Despite the evolution that causes a large number of differences, many plants work the same way. Now a new study has revealed the different genetic strategies that different types of flower species use to achieve the same status quo.
In flowering plants, stem cells are crucial for survival. Influenced by environmental factors, stem cells determine how and when a plant will grow.
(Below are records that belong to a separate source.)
(* Let $\psi$, $s_0$ and $r=r_\psi$ be as in the context, and let $C_r\ge1$ and $s_*$ be such that $r(s_2)\le C_rr(s_1)$ whenever $s_*\le s_1\le s_2\le s_1+s_1^\eta$. For each integer $k\ge s_0$ define $$\overline E_k=\{A\in M_{m,n}(\mathbb R/\mathbb Z): g_k\Lambda_A\in\widetilde\Delta_{\omega_1C_rr(k)}\},\qquad \underline E_k=\{A\in M_{m,n}(\mathbb R/\mathbb Z): g_k\Lambda_A\in\widetilde\Delta_{\omega_2C_r^{-1}r(k+1)}\}.$$ Then $\limsup_{k\to\infty}\underline E_k\subset \mathbf{DI}_{\boldsymbol\alpha,\boldsymbol\beta}(\psi)^c\subset\limsup_{k\to\infty}\overline E_k$.
   Context: $d=m+n$; weight vectors $\boldsymbol\alpha\in(\mathbb R_{>0})^m$, $\boldsymbol\beta\in(\mathbb R_{>0})^n$ with coordinates summing to 1; $\omega_1=\max\{m\alpha_i,n\beta_j\}$, $\omega_2=\min\{m\alpha_i,n\beta_j\}$. $g_s=\mathrm{diag}(e^{\alpha_1s},\dots,e^{\alpha_ms},e^{-\beta_1s},\dots,e^{-\beta_ns})$; $\Lambda_A=\begin{pmatrix}I_m&A\\0&I_n\end{pmatrix}\mathbb Z^d$. $X_d$ is the space of unimodular lattices in $\mathbb R^d$; $\Delta(\Lambda)=\sup_{\mathbf v\in\Lambda\setminus\{0\}}\log(1/\|\mathbf v\|)$ (sup norm); $\widetilde\Delta_\rho:=\bigcup_{0\le s<1}g_{-s}\Delta^{-1}[0,\rho]$. Standing assumptions on $\psi$: $t_0>1$, $\psi:[t_0,\infty)\to(0,\infty)$ continuous and decreasing, $\frac1{2t}\le\psi(t)<\frac1t$, and there exist $C_\psi\ge1,\eta\in(0,1)$ with $F_\psi(t_2)\le C_\psi F_\psi(t_1)$ for $t_0\le t_1\le t_2\le t_1e^{(\log t_1)^\eta}$, $F_\psi(t)=1-t\psi(t)$. $s_0=\frac md\log t_0-\frac nd\log\psi(t_0)$, and $r(s)=-\frac1d\log(t\psi(t))$ where $t=t(s)$ solves $s=\frac md\log t-\frac nd\log\psi(t)$ (such $C_r,s_*$ exist). $\mathbf{DI}_{\boldsymbol\alpha,\boldsymbol\beta}(\psi)\subset M_{m,n}(\mathbb R/\mathbb Z)$ is the set of $A$ such that for all sufficiently large $t$ there exist $\mathbf p\in\mathbb Z^m,\mathbf q\in\mathbb Z^n\setminus\{0\}$ with $\max_i|(A\mathbf q-\mathbf p)_i|^{1/\alpha_i}<\psi(t)$ and $\max_j|q_j|^{1/\beta_j}<t$. *)

theory Defs
  imports "HOL-Analysis.Analysis"
begin

text \<open>Vectors of R^d, d = m + n, are represented as pairs (x, y) with
  x :: real^'m and y :: real^'n.  Matrices A in M_{m,n} are real^'n^'m
  (m rows, n columns); sets of matrices in M_{m,n}(R/Z) are represented by
  their (Z-periodic) preimages in M_{m,n}(R).\<close>

definition intvecs :: "(real^'k) set" where
  "intvecs = {v. \<forall>i. v $ i \<in> \<int>}"

definition supn :: "(real^'m) \<times> (real^'n) \<Rightarrow> real" where
  "supn v = max (Max (range (\<lambda>i. \<bar>fst v $ i\<bar>))) (Max (range (\<lambda>j. \<bar>snd v $ j\<bar>)))"

definition LambdaA :: "real^'n^'m \<Rightarrow> ((real^'m) \<times> (real^'n)) set" where
  "LambdaA A = {(x + A *v y, y) | x y. x \<in> intvecs \<and> y \<in> intvecs}"

definition gflow :: "real^'m \<Rightarrow> real^'n \<Rightarrow> real \<Rightarrow> (real^'m) \<times> (real^'n) \<Rightarrow> (real^'m) \<times> (real^'n)" where
  "gflow \<alpha> \<beta> s v = ((\<chi> i. exp (\<alpha> $ i * s) * fst v $ i), (\<chi> j. exp (- (\<beta> $ j * s)) * snd v $ j))"

definition Delta :: "((real^'m) \<times> (real^'n)) set \<Rightarrow> real" where
  "Delta L = Sup ((\<lambda>v. ln (1 / supn v)) ` (L - {0}))"

definition Delta_tilde :: "real^'m \<Rightarrow> real^'n \<Rightarrow> real \<Rightarrow> ((real^'m) \<times> (real^'n)) set set" where
  "Delta_tilde \<alpha> \<beta> \<rho> = (\<Union>s\<in>{0..<1}. (\<lambda>L. gflow \<alpha> \<beta> (-s) ` L) ` {L. Delta L \<in> {0..\<rho>}})"

definition stime :: "nat \<Rightarrow> nat \<Rightarrow> (real \<Rightarrow> real) \<Rightarrow> real \<Rightarrow> real" where
  "stime m n \<psi> t = real m / real (m + n) * ln t - real n / real (m + n) * ln (\<psi> t)"

definition tfun :: "nat \<Rightarrow> nat \<Rightarrow> (real \<Rightarrow> real) \<Rightarrow> real \<Rightarrow> real \<Rightarrow> real" where
  "tfun m n \<psi> t0 s = (THE t. t0 \<le> t \<and> s = stime m n \<psi> t)"

definition rfun :: "nat \<Rightarrow> nat \<Rightarrow> (real \<Rightarrow> real) \<Rightarrow> real \<Rightarrow> real \<Rightarrow> real" where
  "rfun m n \<psi> t0 s = - (1 / real (m + n)) * ln (tfun m n \<psi> t0 s * \<psi> (tfun m n \<psi> t0 s))"

definition omega1 :: "real^'m \<Rightarrow> real^'n \<Rightarrow> real" where
  "omega1 \<alpha> \<beta> = Max (range (\<lambda>i. real CARD('m) * \<alpha> $ i) \<union> range (\<lambda>j. real CARD('n) * \<beta> $ j))"

definition omega2 :: "real^'m \<Rightarrow> real^'n \<Rightarrow> real" where
  "omega2 \<alpha> \<beta> = Min (range (\<lambda>i. real CARD('m) * \<alpha> $ i) \<union> range (\<lambda>j. real CARD('n) * \<beta> $ j))"

definition DI :: "real^'m \<Rightarrow> real^'n \<Rightarrow> (real \<Rightarrow> real) \<Rightarrow> (real^'n^'m) set" where
  "DI \<alpha> \<beta> \<psi> = {A. \<forall>\<^sub>F t in at_top. \<exists>p q. p \<in> intvecs \<and> q \<in> intvecs \<and> q \<noteq> 0 \<and>
      (\<forall>i. \<bar>(A *v q - p) $ i\<bar> powr (1 / \<alpha> $ i) < \<psi> t) \<and>
      (\<forall>j. \<bar>q $ j\<bar> powr (1 / \<beta> $ j) < t)}"

end

theory Submission
  imports Defs
begin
Whether a plant needs deep roots, higher stems or more leaves and flowers, it is the stem cells that produce new cells for the job.
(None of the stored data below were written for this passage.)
lemma deg_euler_eq_sum_deg_stirling2:
  assumes "lam \<noteq> 0"
  shows "deg_euler lam n x = (\<Sum>k\<le>n. fact k * deg_stirling2 lam n k * gchoose_euler_sum k x)"
proof (rule real_polynomial_function_eq_if_shift_sums_eq
    [where f = "deg_euler lam n"
       and g = "\<lambda>x. \<Sum>k\<le>n. fact k * deg_stirling2 lam n k * gchoose_euler_sum k x"])
  show "real_polynomial_function (deg_euler lam n)"
    by (rule real_polynomial_function_deg_euler)
  show "real_polynomial_function (\<lambda>x. \<Sum>k\<le>n. fact k * deg_stirling2 lam n k * gchoose_euler_sum k x)"
    by (intro real_polynomial_function_sum finite_atMost real_polynomial_function.intros(2,4)
        real_polynomial_function_gchoose_euler_sum)
  fix y
  have "deg_euler lam n (y + 1) + deg_euler lam n y = 2 * (\<Sum>k\<le>n. deg_stirling2 lam n k * falling k y)"
    by (simp add: deg_euler_shift_add[OF assms] dfall_eq_sum_deg_stirling2[of lam n y])
  also have "\<dots> = (\<Sum>k\<le>n. fact k * deg_stirling2 lam n k *
      (gchoose_euler_sum k (y + 1) + gchoose_euler_sum k y))"
    by (simp add: gchoose_euler_sum_shift_add sum_distrib_left fact_mult_gchoose[symmetric] mult_ac)
  also have "\<dots> = (\<Sum>k\<le>n. fact k * deg_stirling2 lam n k * gchoose_euler_sum k (y + 1))
      + (\<Sum>k\<le>n. fact k * deg_stirling2 lam n k * gchoose_euler_sum k y)"
    by (simp add: distrib_left sum.distrib)
  finally show "deg_euler lam n (y + 1) + deg_euler lam n y
      = (\<Sum>k\<le>n. fact k * deg_stirling2 lam n k * gchoose_euler_sum k (y + 1))
      + (\<Sum>k\<le>n. fact k * deg_stirling2 lam n k * gchoose_euler_sum k y)" .
qed

theorem theorem4:
  fixes lam x :: real and n :: nat
  assumes "lam \<noteq> 0"
  shows "(\<Sum>k\<le>n. deg_stirling1 lam n k * deg_euler lam k x)
           = fact n * (\<Sum>k\<le>n. (x gchoose k) * (- 1 / 2) ^ (n - k))
       \<and> deg_euler lam n x
           = (\<Sum>k\<le>n. fact k * deg_stirling2 lam n k *
                (\<Sum>j\<le>k. (x gchoose j) * (- 1 / 2) ^ (k - j)))"
  using sum_deg_stirling1_deg_euler[OF assms] deg_euler_eq_sum_deg_stirling2[OF assms]
  by (simp add: gchoose_euler_sum_def)

end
That is also why having too many or too few stem cells can disrupt the growth of a plant.
Responsible for all this is a "core genetic circuit that is found in all flowering plants," says CSHL Professor and HHMI researcher Zach Lippman.
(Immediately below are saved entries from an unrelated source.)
lemma vdiff_nonzero:
  assumes "x \<in> vecs R d" "y \<in> vecs R d" "x \<noteq> y"
  obtains i where "i < d" "vdiff R d x y i \<noteq> \<zero>"
proof -
  obtain i where i: "i < d" "x i \<noteq> y i"
    using vecs_eqI[OF assms(1,2)] assms(3) by blast
  have "x i \<ominus> y i \<noteq> y i \<ominus> y i"
    using i vecs_carrier[OF assms(1)] vecs_carrier[OF assms(2)] by (simp add: minus_eq add.right_cancel)
  then show thesis
    using that[OF i(1)] i(1) vecs_carrier[OF assms(2)] by (simp add: vdiff_def r_neg minus_eq)
qed

end

section \<open>Level sets of the dot product\<close>

definition level_set :: "('a, 'b) ring_scheme \<Rightarrow> nat \<Rightarrow> (nat \<Rightarrow> 'a) \<times> 'a \<Rightarrow> (nat \<Rightarrow> 'a) set"
  where "level_set R d = (\<lambda>(v, c). {z \<in> vecs R d. vdot R d v z = c})"

text \<open>The hyperplane through \<open>y\<close> with normal \<open>x - y\<close>, as a pair (normal, offset) indexing
  \<open>level_set\<close>; for \<open>x = y\<close> it is the whole space.\<close>
definition perp_plane :: "('a, 'b) ring_scheme \<Rightarrow> nat \<Rightarrow> (nat \<Rightarrow> 'a) \<times> (nat \<Rightarrow> 'a) \<Rightarrow> (nat \<Rightarrow> 'a) \<times> 'a"
  where "perp_plane R d = (\<lambda>(x, y). (vdiff R d x y, vdot R d (vdiff R d x y) y))"

lemma level_set_subset_vecs: "level_set R d k \<subseteq> vecs R d"
  unfolding level_set_def by auto

context cring
begin

lemma vdot_add_basis:
  assumes v: "v \<in> vecs R d" and z: "z \<in> vecs R d" and t: "t \<in> carrier R" and i: "i < d"
  shows "vdot R d v (z(i := z i \<oplus> t)) = vdot R d v z \<oplus> v i \<otimes> t"
proof -
  have "v j \<otimes> (z(i := z i \<oplus> t)) j = v j \<otimes> z j \<oplus> (if i = j then v j \<otimes> t else \<zero>)"
    if "j < d" for j
    using that t by (auto simp: vecs_carrier[OF v] vecs_carrier[OF z] r_distr)
  then have "vdot R d v (z(i := z i \<oplus> t))
      = (\<Oplus>j\<in>{0..<d}. v j \<otimes> z j \<oplus> (if i = j then v j \<otimes> t else \<zero>))"
    unfolding vdot_def by (intro finsum_cong) (auto simp: vecs_carrier[OF v] vecs_carrier[OF z] t)
  also have "\<dots> = vdot R d v z \<oplus> v i \<otimes> t"
    unfolding vdot_def using i t
    by (simp add: finsum_singleton vecs_carrier[OF v] vecs_carrier[OF z] Pi_def)
  finally show ?thesis .
qed

end

context field
begin

text \<open>Translating along the \<open>i\<close>-th axis maps each level set of \<open>v\<close> injectively into any other.\<close>
lemma card_level_set_le:
  assumes fin: "finite (carrier R)" and v: "v \<in> vecs R d" and i: "i < d" "v i \<noteq> \<zero>"
    and c: "c \<in> carrier R" "c' \<in> carrier R"
  shows "card (level_set R d (v, c)) \<le> card (level_set R d (v, c'))"
proof -
  have vi: "v i \<in> Units R"
    using i vecs_carrier[OF v] by (simp add: field_Units)
  define t where "t = inv (v i) \<otimes> (c' \<ominus> c)"
  have t: "t \<in> carrier R" and "v i \<otimes> t = c' \<ominus> c"
    unfolding t_def using vi c
    by (simp, metis Units_closed Units_inv_closed Units_r_inv l_one m_assoc minus_closed)
  then have vt: "c \<oplus> v i \<otimes> t = c'"
    using c by simp algebra
  let ?shift = "\<lambda>z. z(i := z i \<oplus> t)"
  have "inj_on ?shift (level_set R d (v, c))"
  proof (rule inj_onI)
    fix z z' assume z: "z \<in> level_set R d (v, c)" and z': "z' \<in> level_set R d (v, c)"
      and eq: "?shift z = ?shift z'"
    have "z i \<in> carrier R" "z' i \<in> carrier R"
      using z z' i by (auto simp: level_set_def vecs_carrier)
    then have "z i = z' i"
      using fun_cong[OF eq, of i] t by (simp add: add.right_cancel)
    then show "z = z'"
      using eq by (metis fun_upd_triv fun_upd_upd)
  qed
  moreover have "?shift ` level_set R d (v, c) \<subseteq> level_set R d (v, c')"
    using i t vt by (auto simp: level_set_def vdot_add_basis[OF v] vecs_fun_upd vecs_carrier)
  moreover have "finite (level_set R d (v, c'))"
    using finite_subset[OF level_set_subset_vecs finite_vecs[OF fin]] .
  ultimately show ?thesis
    by (rule card_inj_on_le)
qed

lemma card_level_set:
  assumes fin: "finite (carrier R)" and v: "v \<in> vecs R d" and i: "i < d" "v i \<noteq> \<zero>"
    and c: "c \<in> carrier R"
  shows "card (level_set R d (v, c)) = card (carrier R) ^ (d - 1)"
proof -
  let ?q = "card (carrier R)"
  have same: "card (level_set R d (v, c')) = card (level_set R d (v, c))" if "c' \<in> carrier R" for c'
    using card_level_set_le[OF fin v i that c] card_level_set_le[OF fin v i c that] by simp
  have "vdot R d v ` vecs R d \<subseteq> carrier R"
    using vdot_closed[OF v] by blast
  then have "?q ^ d = (\<Sum>c'\<in>carrier R. card (level_set R d (v, c')))"
    using sum.group[OF finite_vecs[OF fin, of d] fin, where h = "\<lambda>_. 1::nat"]
    by (simp add: card_vecs[OF fin, symmetric] level_set_def)
  also have "\<dots> = ?q * card (level_set R d (v, c))"
    using same by simp
  finally have "?q * ?q ^ (d - 1) = ?q * card (level_set R d (v, c))"
    using i by (simp flip: power_Suc)
  moreover have "?q > 0"
    using fin by (auto simp: card_gt_0_iff)
  ultimately show ?thesis
    by simp
qed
Published in a paper in Natural genetics, Lippman and CSHL Professor David Jackson describe the genetic mechanisms that ensure that "a deeply conserved stem circuit" retains some function even if defects occur in a signal protein called CLV3 and the receptor with which it interacts, CLV1.
"Those players are crucial to ensure that a plant has the right number of stem cells throughout life, and we discovered that there are backup systems that pop up when these players are affected by accidental mutations," Lippman explains.
The researchers have found that while stem cell cycles are essential for flowering plants, the genetic backup systems can vary drastically from plant to plant.
For example, if the gene that produces CLV3 is disrupted by a mutation in a tomato, a related gene will take care of it. However, the Jackson team discovered that in the case of corn, two genes work in parallel to produce the essential signal protein.
"I like to compare it to a rowing boat," Lippman adds. "In tomato there are two people who can row but only one row. But if the main rudder injures his arm, the second person can pick up the oars. In corn they both row, although not necessarily with equal effort and in Arabidopsis [rockcress] you have one main rose supported by seven, eight or nine other rowers in the boat; and it looks like only one has a full strap. The rest uses only very small paddles. "
"We were surprised to see such big differences," Jackson says, "but in retrospect it reveals the power of evolution in finding new ways to protect critical development circles."
According to Jackson, Lippman and their colleagues, understanding these species-specific strategies for protecting important genetic interactions will be essential for achieving "intelligent crop design" and using genome editing to improve agricultural productivity and sustainability.
Material supplied by Cold Spring Harbor Laboratory. Note: Content can be edited for style and length.